§ Work instructions
Lines with the word "blast" in them are the ones to copy from the records.

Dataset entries
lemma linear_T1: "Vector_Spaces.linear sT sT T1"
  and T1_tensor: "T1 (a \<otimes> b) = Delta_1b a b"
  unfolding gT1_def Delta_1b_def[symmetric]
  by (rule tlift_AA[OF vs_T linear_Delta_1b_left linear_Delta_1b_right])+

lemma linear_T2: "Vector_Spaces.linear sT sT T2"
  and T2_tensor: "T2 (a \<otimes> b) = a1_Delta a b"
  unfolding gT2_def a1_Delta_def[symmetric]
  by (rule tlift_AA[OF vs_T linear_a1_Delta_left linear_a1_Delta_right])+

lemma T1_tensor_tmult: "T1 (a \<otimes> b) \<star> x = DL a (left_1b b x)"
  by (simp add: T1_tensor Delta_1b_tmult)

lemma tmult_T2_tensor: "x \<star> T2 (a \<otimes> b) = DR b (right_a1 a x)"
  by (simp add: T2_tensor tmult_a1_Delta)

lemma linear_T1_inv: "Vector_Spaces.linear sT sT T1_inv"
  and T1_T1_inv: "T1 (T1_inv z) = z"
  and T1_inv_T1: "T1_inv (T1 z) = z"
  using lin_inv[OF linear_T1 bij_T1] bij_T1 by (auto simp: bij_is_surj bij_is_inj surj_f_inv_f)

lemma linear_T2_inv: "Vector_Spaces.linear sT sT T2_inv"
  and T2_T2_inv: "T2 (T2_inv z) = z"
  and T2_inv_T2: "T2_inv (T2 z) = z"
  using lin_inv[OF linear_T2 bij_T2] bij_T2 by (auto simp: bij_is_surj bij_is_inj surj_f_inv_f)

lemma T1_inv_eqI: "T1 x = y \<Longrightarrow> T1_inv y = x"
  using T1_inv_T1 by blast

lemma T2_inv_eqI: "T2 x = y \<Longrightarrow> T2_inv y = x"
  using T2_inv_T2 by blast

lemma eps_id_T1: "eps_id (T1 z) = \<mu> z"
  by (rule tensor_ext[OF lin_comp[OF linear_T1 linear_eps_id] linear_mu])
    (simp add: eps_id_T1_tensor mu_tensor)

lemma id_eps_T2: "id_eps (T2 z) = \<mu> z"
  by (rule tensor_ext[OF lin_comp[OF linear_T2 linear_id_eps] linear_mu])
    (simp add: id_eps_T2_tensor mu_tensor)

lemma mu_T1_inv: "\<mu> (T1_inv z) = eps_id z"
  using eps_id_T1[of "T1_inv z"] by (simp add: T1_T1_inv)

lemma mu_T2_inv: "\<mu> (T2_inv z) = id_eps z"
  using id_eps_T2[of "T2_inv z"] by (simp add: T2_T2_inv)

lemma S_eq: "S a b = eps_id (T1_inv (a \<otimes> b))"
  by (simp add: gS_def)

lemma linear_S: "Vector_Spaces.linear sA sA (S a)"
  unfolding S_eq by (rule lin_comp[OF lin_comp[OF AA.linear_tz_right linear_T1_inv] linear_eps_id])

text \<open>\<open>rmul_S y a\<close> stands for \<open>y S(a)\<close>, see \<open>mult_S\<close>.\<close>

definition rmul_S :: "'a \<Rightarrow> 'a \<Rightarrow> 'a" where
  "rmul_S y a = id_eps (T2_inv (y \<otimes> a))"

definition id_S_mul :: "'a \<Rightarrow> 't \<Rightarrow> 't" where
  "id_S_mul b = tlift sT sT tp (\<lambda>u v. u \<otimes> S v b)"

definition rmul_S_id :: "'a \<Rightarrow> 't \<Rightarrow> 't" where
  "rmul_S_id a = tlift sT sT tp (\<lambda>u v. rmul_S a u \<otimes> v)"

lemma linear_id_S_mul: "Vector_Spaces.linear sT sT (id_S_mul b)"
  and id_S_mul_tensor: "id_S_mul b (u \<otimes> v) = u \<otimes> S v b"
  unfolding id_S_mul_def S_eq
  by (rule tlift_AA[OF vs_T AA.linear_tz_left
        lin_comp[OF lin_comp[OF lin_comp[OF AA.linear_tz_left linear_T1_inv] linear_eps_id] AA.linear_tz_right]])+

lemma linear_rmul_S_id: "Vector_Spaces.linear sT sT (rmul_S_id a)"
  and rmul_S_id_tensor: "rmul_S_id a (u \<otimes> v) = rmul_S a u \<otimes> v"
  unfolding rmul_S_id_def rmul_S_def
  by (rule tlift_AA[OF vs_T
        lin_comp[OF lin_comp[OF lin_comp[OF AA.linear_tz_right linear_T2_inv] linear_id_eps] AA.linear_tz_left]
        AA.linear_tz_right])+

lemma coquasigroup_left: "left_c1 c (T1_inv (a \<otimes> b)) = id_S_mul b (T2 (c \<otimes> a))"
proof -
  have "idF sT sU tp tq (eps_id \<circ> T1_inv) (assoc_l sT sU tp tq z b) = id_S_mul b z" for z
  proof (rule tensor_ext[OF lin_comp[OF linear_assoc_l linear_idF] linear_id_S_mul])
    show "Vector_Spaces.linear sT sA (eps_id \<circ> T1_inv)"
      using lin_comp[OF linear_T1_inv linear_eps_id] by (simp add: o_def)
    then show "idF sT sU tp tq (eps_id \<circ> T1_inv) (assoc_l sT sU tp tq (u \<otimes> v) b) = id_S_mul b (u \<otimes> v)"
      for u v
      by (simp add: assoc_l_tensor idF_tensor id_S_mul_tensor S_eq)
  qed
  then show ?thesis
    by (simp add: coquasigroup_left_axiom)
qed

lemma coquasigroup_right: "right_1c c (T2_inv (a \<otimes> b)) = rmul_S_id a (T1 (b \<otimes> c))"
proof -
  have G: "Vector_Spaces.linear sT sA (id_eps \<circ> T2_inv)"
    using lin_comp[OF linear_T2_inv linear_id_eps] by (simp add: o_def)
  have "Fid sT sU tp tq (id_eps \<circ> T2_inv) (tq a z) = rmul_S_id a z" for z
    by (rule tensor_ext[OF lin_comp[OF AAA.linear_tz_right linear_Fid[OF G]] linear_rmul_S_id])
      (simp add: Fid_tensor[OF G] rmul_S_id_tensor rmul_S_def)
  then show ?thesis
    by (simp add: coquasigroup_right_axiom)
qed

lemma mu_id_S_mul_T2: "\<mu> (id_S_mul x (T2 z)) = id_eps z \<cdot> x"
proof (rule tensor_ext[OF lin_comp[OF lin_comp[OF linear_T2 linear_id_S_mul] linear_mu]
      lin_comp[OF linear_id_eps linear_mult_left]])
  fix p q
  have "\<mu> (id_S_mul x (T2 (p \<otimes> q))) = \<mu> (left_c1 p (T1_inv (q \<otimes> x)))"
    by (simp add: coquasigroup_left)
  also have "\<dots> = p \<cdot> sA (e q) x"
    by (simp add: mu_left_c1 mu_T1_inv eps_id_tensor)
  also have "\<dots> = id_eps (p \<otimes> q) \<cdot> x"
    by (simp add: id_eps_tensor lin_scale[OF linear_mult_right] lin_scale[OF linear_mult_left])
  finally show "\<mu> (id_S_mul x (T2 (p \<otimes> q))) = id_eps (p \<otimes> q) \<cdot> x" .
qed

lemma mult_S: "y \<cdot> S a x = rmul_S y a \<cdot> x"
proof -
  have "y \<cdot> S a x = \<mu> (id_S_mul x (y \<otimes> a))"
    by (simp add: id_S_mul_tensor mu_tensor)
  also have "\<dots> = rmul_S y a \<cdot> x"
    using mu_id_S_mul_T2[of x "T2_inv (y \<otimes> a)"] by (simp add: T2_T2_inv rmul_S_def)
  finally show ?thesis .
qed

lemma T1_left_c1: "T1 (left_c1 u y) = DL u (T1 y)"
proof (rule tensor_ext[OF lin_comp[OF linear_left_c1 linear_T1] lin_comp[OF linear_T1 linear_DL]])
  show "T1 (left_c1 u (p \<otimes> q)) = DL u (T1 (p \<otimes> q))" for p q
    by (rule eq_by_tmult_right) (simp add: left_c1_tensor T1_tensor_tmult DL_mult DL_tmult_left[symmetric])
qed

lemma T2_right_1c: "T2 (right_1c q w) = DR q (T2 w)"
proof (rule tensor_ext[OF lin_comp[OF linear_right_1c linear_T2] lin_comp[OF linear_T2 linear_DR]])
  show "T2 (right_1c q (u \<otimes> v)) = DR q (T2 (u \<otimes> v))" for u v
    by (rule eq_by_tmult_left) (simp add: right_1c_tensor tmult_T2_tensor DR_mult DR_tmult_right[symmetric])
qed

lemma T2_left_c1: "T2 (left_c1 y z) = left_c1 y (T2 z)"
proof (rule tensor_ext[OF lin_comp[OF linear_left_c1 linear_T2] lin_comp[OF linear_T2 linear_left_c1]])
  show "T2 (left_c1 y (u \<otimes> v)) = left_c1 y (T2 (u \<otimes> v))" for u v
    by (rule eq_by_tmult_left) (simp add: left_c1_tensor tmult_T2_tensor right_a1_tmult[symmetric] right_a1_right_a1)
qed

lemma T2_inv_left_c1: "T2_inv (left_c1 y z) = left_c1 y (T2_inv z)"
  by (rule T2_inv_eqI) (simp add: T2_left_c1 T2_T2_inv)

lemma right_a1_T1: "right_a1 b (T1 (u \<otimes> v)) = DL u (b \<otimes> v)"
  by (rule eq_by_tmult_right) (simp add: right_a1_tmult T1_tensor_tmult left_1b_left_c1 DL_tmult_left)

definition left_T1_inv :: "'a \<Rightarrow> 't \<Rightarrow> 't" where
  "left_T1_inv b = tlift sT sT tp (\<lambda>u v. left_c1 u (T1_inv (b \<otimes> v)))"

---

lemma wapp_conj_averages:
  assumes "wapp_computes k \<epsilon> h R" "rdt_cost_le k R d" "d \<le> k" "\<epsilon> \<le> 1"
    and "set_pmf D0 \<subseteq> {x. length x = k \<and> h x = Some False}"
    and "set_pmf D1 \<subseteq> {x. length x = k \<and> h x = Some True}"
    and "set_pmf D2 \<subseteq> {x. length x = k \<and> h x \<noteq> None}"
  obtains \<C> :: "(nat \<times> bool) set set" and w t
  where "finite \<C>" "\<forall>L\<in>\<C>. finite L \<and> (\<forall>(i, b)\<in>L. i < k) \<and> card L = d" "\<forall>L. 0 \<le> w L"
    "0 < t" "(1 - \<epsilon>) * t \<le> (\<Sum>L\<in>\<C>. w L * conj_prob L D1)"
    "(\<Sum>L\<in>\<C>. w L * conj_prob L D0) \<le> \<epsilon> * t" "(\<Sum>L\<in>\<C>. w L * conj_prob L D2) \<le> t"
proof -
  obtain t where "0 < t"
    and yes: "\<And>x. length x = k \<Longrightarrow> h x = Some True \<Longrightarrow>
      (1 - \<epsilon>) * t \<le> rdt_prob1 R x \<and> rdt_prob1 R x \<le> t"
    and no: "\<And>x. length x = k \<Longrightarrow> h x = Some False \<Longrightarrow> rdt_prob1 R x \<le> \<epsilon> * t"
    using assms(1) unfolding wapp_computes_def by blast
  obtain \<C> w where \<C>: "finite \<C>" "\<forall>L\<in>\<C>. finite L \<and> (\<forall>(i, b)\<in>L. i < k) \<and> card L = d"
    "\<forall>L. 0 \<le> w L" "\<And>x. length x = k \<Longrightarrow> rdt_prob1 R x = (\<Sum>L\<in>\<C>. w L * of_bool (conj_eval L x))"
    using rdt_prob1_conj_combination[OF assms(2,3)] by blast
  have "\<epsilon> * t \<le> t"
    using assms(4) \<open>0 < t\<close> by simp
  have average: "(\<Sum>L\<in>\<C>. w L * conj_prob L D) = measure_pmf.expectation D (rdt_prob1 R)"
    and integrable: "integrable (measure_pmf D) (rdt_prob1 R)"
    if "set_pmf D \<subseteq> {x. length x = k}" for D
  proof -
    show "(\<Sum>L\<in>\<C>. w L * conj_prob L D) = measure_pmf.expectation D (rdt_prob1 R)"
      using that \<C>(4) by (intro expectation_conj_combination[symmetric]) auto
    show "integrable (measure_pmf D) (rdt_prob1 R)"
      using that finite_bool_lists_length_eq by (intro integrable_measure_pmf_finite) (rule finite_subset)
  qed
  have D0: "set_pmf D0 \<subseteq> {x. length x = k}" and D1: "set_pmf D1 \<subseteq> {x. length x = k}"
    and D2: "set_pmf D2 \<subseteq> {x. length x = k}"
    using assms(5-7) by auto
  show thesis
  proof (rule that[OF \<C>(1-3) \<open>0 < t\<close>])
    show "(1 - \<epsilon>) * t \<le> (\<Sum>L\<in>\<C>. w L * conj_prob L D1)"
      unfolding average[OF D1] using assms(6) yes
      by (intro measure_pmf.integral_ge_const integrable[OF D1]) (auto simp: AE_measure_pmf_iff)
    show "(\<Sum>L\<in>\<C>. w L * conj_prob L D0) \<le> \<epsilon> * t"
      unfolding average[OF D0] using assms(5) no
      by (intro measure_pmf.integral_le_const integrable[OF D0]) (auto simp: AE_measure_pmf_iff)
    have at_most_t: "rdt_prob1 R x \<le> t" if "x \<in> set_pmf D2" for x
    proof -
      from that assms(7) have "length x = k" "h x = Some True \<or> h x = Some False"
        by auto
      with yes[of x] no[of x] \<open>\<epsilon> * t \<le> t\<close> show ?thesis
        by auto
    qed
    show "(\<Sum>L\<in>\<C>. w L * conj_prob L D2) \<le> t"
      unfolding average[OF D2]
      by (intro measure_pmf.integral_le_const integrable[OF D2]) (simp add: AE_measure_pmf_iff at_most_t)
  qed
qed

§ Exercise result
  using T1_inv_T1 by blast
  using T2_inv_T2 by blast
    using assms(1) unfolding wapp_computes_def by blast
    using rdt_prob1_conj_combination[OF assms(2,3)] by blast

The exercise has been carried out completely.